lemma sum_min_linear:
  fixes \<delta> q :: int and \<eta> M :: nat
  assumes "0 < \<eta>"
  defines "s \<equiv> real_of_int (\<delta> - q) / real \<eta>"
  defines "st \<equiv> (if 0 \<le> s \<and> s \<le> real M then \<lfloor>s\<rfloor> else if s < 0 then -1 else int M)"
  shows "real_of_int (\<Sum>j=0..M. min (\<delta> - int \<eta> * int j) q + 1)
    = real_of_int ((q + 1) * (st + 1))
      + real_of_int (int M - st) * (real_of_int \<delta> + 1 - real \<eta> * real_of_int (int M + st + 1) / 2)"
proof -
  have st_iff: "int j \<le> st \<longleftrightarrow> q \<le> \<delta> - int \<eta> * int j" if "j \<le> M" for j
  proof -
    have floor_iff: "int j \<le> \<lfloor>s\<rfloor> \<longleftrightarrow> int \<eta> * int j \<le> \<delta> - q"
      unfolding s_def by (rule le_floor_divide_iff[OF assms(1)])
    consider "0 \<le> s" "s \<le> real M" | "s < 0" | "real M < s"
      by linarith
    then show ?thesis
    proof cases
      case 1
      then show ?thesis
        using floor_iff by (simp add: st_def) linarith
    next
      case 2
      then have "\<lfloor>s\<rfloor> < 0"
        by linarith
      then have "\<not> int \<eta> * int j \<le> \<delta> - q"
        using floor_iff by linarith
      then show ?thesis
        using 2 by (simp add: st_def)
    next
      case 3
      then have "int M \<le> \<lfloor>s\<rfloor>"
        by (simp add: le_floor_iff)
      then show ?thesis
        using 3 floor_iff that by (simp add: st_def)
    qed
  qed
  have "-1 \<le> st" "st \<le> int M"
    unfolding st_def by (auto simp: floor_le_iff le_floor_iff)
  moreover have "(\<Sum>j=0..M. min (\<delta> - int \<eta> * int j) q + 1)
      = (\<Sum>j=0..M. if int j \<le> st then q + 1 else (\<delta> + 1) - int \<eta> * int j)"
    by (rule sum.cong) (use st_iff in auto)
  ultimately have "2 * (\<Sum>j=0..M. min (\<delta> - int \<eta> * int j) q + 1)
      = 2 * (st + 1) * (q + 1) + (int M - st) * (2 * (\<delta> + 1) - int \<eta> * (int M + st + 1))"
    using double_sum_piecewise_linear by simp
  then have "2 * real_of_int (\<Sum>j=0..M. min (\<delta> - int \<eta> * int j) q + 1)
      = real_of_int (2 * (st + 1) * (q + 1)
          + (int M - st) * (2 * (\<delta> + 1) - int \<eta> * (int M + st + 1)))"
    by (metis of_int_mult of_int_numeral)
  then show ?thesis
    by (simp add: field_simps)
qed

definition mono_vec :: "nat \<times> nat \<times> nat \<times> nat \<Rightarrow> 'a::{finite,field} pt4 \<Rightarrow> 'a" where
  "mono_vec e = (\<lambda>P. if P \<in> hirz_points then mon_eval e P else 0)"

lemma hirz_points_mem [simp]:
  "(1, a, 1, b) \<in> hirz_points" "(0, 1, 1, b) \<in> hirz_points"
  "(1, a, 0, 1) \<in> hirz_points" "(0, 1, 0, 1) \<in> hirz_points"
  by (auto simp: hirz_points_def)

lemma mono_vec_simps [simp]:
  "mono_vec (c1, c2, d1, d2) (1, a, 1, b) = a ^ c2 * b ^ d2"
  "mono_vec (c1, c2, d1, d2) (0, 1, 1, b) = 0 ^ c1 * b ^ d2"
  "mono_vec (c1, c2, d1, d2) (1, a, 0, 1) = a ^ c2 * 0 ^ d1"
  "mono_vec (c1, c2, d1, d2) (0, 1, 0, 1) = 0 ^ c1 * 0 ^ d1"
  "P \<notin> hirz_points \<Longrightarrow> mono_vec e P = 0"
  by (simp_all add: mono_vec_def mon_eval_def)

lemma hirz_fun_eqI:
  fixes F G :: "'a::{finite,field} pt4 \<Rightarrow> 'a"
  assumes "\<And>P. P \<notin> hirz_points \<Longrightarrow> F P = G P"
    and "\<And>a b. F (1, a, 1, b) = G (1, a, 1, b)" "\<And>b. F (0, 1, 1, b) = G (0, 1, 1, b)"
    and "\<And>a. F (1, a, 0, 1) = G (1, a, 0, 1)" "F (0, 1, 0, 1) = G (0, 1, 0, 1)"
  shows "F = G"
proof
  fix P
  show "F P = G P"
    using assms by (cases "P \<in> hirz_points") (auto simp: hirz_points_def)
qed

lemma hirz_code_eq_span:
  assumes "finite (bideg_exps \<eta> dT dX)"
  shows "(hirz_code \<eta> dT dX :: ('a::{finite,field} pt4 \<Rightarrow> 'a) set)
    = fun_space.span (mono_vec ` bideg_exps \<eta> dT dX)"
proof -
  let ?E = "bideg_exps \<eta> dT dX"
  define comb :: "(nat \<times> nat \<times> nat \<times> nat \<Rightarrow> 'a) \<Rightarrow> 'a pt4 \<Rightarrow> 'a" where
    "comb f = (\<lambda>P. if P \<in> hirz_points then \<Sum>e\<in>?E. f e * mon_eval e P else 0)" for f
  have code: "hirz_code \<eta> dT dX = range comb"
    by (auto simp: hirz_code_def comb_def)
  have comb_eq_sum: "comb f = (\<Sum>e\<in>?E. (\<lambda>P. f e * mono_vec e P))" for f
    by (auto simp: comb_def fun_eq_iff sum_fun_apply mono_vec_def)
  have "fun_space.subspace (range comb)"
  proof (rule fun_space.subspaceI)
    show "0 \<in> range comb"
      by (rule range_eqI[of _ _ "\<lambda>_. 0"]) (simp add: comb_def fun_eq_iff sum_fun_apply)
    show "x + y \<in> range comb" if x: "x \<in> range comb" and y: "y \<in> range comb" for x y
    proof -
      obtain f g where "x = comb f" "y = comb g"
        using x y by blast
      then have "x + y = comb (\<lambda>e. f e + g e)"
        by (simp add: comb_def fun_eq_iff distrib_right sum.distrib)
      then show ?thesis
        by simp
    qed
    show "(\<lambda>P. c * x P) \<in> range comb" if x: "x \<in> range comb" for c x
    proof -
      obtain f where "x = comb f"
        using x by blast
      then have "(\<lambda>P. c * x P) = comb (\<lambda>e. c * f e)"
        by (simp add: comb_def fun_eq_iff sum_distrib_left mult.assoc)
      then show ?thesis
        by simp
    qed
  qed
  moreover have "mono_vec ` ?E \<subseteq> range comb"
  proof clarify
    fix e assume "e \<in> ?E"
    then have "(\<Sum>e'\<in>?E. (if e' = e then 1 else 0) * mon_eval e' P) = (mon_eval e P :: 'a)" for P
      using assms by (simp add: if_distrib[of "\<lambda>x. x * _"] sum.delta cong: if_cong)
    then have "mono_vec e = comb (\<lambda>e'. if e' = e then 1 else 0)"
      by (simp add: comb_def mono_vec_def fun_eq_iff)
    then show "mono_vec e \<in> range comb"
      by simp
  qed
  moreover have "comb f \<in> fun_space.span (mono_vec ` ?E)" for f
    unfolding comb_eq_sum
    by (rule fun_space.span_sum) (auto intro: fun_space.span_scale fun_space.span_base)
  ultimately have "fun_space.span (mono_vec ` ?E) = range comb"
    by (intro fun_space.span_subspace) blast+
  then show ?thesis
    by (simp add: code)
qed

━━━━

◆ WHAT NEEDS TO BE DONE ◆
Check the data above and report how many lines include the word "lambda", using a bare number.

◆ WRITTEN ANSWER ◆
9